### ASSIGNMENT
Reproduce every entry exactly.

### MATERIAL FOR THIS TASK
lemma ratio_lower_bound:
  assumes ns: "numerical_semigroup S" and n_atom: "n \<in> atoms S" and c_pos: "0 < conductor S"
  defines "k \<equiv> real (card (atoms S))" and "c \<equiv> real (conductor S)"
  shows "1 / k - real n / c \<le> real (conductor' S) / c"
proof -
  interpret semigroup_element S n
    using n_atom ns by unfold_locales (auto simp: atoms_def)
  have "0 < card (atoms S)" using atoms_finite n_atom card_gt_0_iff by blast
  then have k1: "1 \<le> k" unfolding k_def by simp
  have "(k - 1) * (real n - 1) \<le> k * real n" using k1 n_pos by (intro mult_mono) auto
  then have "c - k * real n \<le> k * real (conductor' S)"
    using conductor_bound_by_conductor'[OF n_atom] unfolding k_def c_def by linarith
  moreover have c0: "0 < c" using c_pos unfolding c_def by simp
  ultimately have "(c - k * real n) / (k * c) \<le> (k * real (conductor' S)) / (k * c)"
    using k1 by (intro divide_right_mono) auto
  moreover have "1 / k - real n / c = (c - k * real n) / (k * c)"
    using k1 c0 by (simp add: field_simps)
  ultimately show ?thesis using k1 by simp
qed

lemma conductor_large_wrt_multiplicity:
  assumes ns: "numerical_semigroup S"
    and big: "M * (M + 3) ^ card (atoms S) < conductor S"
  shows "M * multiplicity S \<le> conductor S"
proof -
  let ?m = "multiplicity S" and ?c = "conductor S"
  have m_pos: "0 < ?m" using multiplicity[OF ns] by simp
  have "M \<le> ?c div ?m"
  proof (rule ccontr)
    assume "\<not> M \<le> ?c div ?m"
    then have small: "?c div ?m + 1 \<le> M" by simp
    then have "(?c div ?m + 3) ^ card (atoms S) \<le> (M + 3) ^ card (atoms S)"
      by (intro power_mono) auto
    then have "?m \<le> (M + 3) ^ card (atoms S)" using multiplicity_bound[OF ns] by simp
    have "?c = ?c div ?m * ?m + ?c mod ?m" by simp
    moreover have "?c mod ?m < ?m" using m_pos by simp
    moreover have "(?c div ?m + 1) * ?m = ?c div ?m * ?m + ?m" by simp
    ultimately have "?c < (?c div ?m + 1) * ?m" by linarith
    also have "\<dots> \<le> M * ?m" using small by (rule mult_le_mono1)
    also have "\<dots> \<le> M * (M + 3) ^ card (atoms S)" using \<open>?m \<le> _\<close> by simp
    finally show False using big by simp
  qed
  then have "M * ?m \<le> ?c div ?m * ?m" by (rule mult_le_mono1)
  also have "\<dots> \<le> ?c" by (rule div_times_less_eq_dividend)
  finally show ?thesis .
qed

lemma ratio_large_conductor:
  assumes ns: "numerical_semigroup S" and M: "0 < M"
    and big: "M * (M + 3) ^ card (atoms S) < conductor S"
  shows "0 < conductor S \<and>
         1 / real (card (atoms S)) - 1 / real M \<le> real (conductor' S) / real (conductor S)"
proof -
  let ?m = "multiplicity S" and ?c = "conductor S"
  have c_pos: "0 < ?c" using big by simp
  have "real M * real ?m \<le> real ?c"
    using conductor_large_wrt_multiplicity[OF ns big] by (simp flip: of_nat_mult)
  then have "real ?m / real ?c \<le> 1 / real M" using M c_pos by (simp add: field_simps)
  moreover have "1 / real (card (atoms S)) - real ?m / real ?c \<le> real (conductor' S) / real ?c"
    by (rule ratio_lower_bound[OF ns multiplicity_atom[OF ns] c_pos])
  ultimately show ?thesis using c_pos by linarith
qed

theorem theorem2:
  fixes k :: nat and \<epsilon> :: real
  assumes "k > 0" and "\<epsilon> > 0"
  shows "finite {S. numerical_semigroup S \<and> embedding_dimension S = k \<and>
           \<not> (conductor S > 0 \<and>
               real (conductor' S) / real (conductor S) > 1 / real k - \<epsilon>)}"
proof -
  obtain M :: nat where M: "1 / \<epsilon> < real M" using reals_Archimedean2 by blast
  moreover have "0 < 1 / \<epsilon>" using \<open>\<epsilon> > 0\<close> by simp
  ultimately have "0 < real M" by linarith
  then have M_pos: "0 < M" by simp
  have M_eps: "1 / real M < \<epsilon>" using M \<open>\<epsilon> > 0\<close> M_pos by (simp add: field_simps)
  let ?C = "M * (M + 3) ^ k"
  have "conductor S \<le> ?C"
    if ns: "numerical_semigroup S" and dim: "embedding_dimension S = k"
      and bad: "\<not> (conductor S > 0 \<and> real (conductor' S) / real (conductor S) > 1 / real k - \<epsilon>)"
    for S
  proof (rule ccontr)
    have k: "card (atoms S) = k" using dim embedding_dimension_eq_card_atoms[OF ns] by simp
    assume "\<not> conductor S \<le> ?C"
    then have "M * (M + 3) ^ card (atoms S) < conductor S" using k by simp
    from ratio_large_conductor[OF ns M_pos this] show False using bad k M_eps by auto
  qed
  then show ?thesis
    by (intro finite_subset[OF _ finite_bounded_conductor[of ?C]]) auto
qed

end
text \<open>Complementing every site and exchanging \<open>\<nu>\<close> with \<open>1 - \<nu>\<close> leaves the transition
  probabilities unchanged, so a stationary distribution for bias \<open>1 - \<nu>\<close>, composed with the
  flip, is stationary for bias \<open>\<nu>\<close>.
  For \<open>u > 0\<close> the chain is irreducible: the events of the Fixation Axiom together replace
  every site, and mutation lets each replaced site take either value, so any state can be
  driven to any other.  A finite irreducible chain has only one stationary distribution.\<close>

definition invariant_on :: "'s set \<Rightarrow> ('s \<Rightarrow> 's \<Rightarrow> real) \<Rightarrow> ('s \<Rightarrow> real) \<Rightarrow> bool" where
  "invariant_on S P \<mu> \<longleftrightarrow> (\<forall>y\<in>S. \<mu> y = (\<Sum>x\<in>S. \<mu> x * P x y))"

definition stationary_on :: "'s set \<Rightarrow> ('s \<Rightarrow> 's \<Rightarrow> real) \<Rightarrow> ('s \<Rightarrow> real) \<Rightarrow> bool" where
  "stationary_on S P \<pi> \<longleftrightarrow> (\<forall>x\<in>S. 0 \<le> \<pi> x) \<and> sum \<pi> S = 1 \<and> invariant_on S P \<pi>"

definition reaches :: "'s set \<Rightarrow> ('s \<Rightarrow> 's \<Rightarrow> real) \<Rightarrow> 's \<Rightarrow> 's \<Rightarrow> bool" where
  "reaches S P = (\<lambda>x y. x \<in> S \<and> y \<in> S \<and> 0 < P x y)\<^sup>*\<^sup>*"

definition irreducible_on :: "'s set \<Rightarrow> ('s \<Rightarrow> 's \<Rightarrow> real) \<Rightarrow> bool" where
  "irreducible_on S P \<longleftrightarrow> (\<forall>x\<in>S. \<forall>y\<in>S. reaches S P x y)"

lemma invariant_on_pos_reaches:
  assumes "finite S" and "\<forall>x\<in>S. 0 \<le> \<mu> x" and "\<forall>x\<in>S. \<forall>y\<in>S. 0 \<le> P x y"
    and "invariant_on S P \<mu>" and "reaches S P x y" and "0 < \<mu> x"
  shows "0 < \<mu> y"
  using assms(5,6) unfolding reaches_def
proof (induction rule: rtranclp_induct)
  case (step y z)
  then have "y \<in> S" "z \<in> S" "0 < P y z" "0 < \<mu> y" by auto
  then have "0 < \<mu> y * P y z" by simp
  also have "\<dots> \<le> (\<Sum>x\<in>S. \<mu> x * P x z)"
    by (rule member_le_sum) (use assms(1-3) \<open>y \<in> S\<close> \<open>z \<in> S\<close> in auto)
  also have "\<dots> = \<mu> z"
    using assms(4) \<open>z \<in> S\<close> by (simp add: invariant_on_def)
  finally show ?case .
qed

### RESPONSE AREA
lemma ratio_lower_bound:
  assumes ns: "numerical_semigroup S" and n_atom: "n \<in> atoms S" and c_pos: "0 < conductor S"
  defines "k \<equiv> real (card (atoms S))" and "c \<equiv> real (conductor S)"
  shows "1 / k - real n / c \<le> real (conductor' S) / c"
proof -
  interpret semigroup_element S n
    using n_atom ns by unfold_locales (auto simp: atoms_def)
  have "0 < card (atoms S)" using atoms_finite n_atom card_gt_0_iff by blast
  then have k1: "1 \<le> k" unfolding k_def by simp
  have "(k - 1) * (real n - 1) \<le> k * real n" using k1 n_pos by (intro mult_mono) auto
  then have "c - k * real n \<le> k * real (conductor' S)"
    using conductor_bound_by_conductor'[OF n_atom] unfolding k_def c_def by linarith
  moreover have c0: "0 < c" using c_pos unfolding c_def by simp
  ultimately have "(c - k * real n) / (k * c) \<le> (k * real (conductor' S)) / (k * c)"
    using k1 by (intro divide_right_mono) auto
  moreover have "1 / k - real n / c = (c - k * real n) / (k * c)"
    using k1 c0 by (simp add: field_simps)
  ultimately show ?thesis using k1 by simp
qed

lemma conductor_large_wrt_multiplicity:
  assumes ns: "numerical_semigroup S"
    and big: "M * (M + 3) ^ card (atoms S) < conductor S"
  shows "M * multiplicity S \<le> conductor S"
proof -
  let ?m = "multiplicity S" and ?c = "conductor S"
  have m_pos: "0 < ?m" using multiplicity[OF ns] by simp
  have "M \<le> ?c div ?m"
  proof (rule ccontr)
    assume "\<not> M \<le> ?c div ?m"
    then have small: "?c div ?m + 1 \<le> M" by simp
    then have "(?c div ?m + 3) ^ card (atoms S) \<le> (M + 3) ^ card (atoms S)"
      by (intro power_mono) auto
    then have "?m \<le> (M + 3) ^ card (atoms S)" using multiplicity_bound[OF ns] by simp
    have "?c = ?c div ?m * ?m + ?c mod ?m" by simp
    moreover have "?c mod ?m < ?m" using m_pos by simp
    moreover have "(?c div ?m + 1) * ?m = ?c div ?m * ?m + ?m" by simp
    ultimately have "?c < (?c div ?m + 1) * ?m" by linarith
    also have "\<dots> \<le> M * ?m" using small by (rule mult_le_mono1)
    also have "\<dots> \<le> M * (M + 3) ^ card (atoms S)" using \<open>?m \<le> _\<close> by simp
    finally show False using big by simp
  qed
  then have "M * ?m \<le> ?c div ?m * ?m" by (rule mult_le_mono1)
  also have "\<dots> \<le> ?c" by (rule div_times_less_eq_dividend)
  finally show ?thesis .
qed

lemma ratio_large_conductor:
  assumes ns: "numerical_semigroup S" and M: "0 < M"
    and big: "M * (M + 3) ^ card (atoms S) < conductor S"
  shows "0 < conductor S \<and>
         1 / real (card (atoms S)) - 1 / real M \<le> real (conductor' S) / real (conductor S)"
proof -
  let ?m = "multiplicity S" and ?c = "conductor S"
  have c_pos: "0 < ?c" using big by simp
  have "real M * real ?m \<le> real ?c"
    using conductor_large_wrt_multiplicity[OF ns big] by (simp flip: of_nat_mult)
  then have "real ?m / real ?c \<le> 1 / real M" using M c_pos by (simp add: field_simps)
  moreover have "1 / real (card (atoms S)) - real ?m / real ?c \<le> real (conductor' S) / real ?c"
    by (rule ratio_lower_bound[OF ns multiplicity_atom[OF ns] c_pos])
  ultimately show ?thesis using c_pos by linarith
qed

theorem theorem2:
  fixes k :: nat and \<epsilon> :: real
  assumes "k > 0" and "\<epsilon> > 0"
  shows "finite {S. numerical_semigroup S \<and> embedding_dimension S = k \<and>
           \<not> (conductor S > 0 \<and>
               real (conductor' S) / real (conductor S) > 1 / real k - \<epsilon>)}"
proof -
  obtain M :: nat where M: "1 / \<epsilon> < real M" using reals_Archimedean2 by blast
  moreover have "0 < 1 / \<epsilon>" using \<open>\<epsilon> > 0\<close> by simp
  ultimately have "0 < real M" by linarith
  then have M_pos: "0 < M" by simp
  have M_eps: "1 / real M < \<epsilon>" using M \<open>\<epsilon> > 0\<close> M_pos by (simp add: field_simps)
  let ?C = "M * (M + 3) ^ k"
  have "conductor S \<le> ?C"
    if ns: "numerical_semigroup S" and dim: "embedding_dimension S = k"
      and bad: "\<not> (conductor S > 0 \<and> real (conductor' S) / real (conductor S) > 1 / real k - \<epsilon>)"
    for S
  proof (rule ccontr)
    have k: "card (atoms S) = k" using dim embedding_dimension_eq_card_atoms[OF ns] by simp
    assume "\<not> conductor S \<le> ?C"
    then have "M * (M + 3) ^ card (atoms S) < conductor S" using k by simp
    from ratio_large_conductor[OF ns M_pos this] show False using bad k M_eps by auto
  qed
  then show ?thesis
    by (intro finite_subset[OF _ finite_bounded_conductor[of ?C]]) auto
qed

end
text \<open>Complementing every site and exchanging \<open>\<nu>\<close> with \<open>1 - \<nu>\<close> leaves the transition
  probabilities unchanged, so a stationary distribution for bias \<open>1 - \<nu>\<close>, composed with the
  flip, is stationary for bias \<open>\<nu>\<close>.
  For \<open>u > 0\<close> the chain is irreducible: the events of the Fixation Axiom together replace
  every site, and mutation lets each replaced site take either value, so any state can be
  driven to any other.  A finite irreducible chain has only one stationary distribution.\<close>

definition invariant_on :: "'s set \<Rightarrow> ('s \<Rightarrow> 's \<Rightarrow> real) \<Rightarrow> ('s \<Rightarrow> real) \<Rightarrow> bool" where
  "invariant_on S P \<mu> \<longleftrightarrow> (\<forall>y\<in>S. \<mu> y = (\<Sum>x\<in>S. \<mu> x * P x y))"

definition stationary_on :: "'s set \<Rightarrow> ('s \<Rightarrow> 's \<Rightarrow> real) \<Rightarrow> ('s \<Rightarrow> real) \<Rightarrow> bool" where
  "stationary_on S P \<pi> \<longleftrightarrow> (\<forall>x\<in>S. 0 \<le> \<pi> x) \<and> sum \<pi> S = 1 \<and> invariant_on S P \<pi>"

definition reaches :: "'s set \<Rightarrow> ('s \<Rightarrow> 's \<Rightarrow> real) \<Rightarrow> 's \<Rightarrow> 's \<Rightarrow> bool" where
  "reaches S P = (\<lambda>x y. x \<in> S \<and> y \<in> S \<and> 0 < P x y)\<^sup>*\<^sup>*"

definition irreducible_on :: "'s set \<Rightarrow> ('s \<Rightarrow> 's \<Rightarrow> real) \<Rightarrow> bool" where
  "irreducible_on S P \<longleftrightarrow> (\<forall>x\<in>S. \<forall>y\<in>S. reaches S P x y)"

lemma invariant_on_pos_reaches:
  assumes "finite S" and "\<forall>x\<in>S. 0 \<le> \<mu> x" and "\<forall>x\<in>S. \<forall>y\<in>S. 0 \<le> P x y"
    and "invariant_on S P \<mu>" and "reaches S P x y" and "0 < \<mu> x"
  shows "0 < \<mu> y"
  using assms(5,6) unfolding reaches_def
proof (induction rule: rtranclp_induct)
  case (step y z)
  then have "y \<in> S" "z \<in> S" "0 < P y z" "0 < \<mu> y" by auto
  then have "0 < \<mu> y * P y z" by simp
  also have "\<dots> \<le> (\<Sum>x\<in>S. \<mu> x * P x z)"
    by (rule member_le_sum) (use assms(1-3) \<open>y \<in> S\<close> \<open>z \<in> S\<close> in auto)
  also have "\<dots> = \<mu> z"
    using assms(4) \<open>z \<in> S\<close> by (simp add: invariant_on_def)
  finally show ?case .
qed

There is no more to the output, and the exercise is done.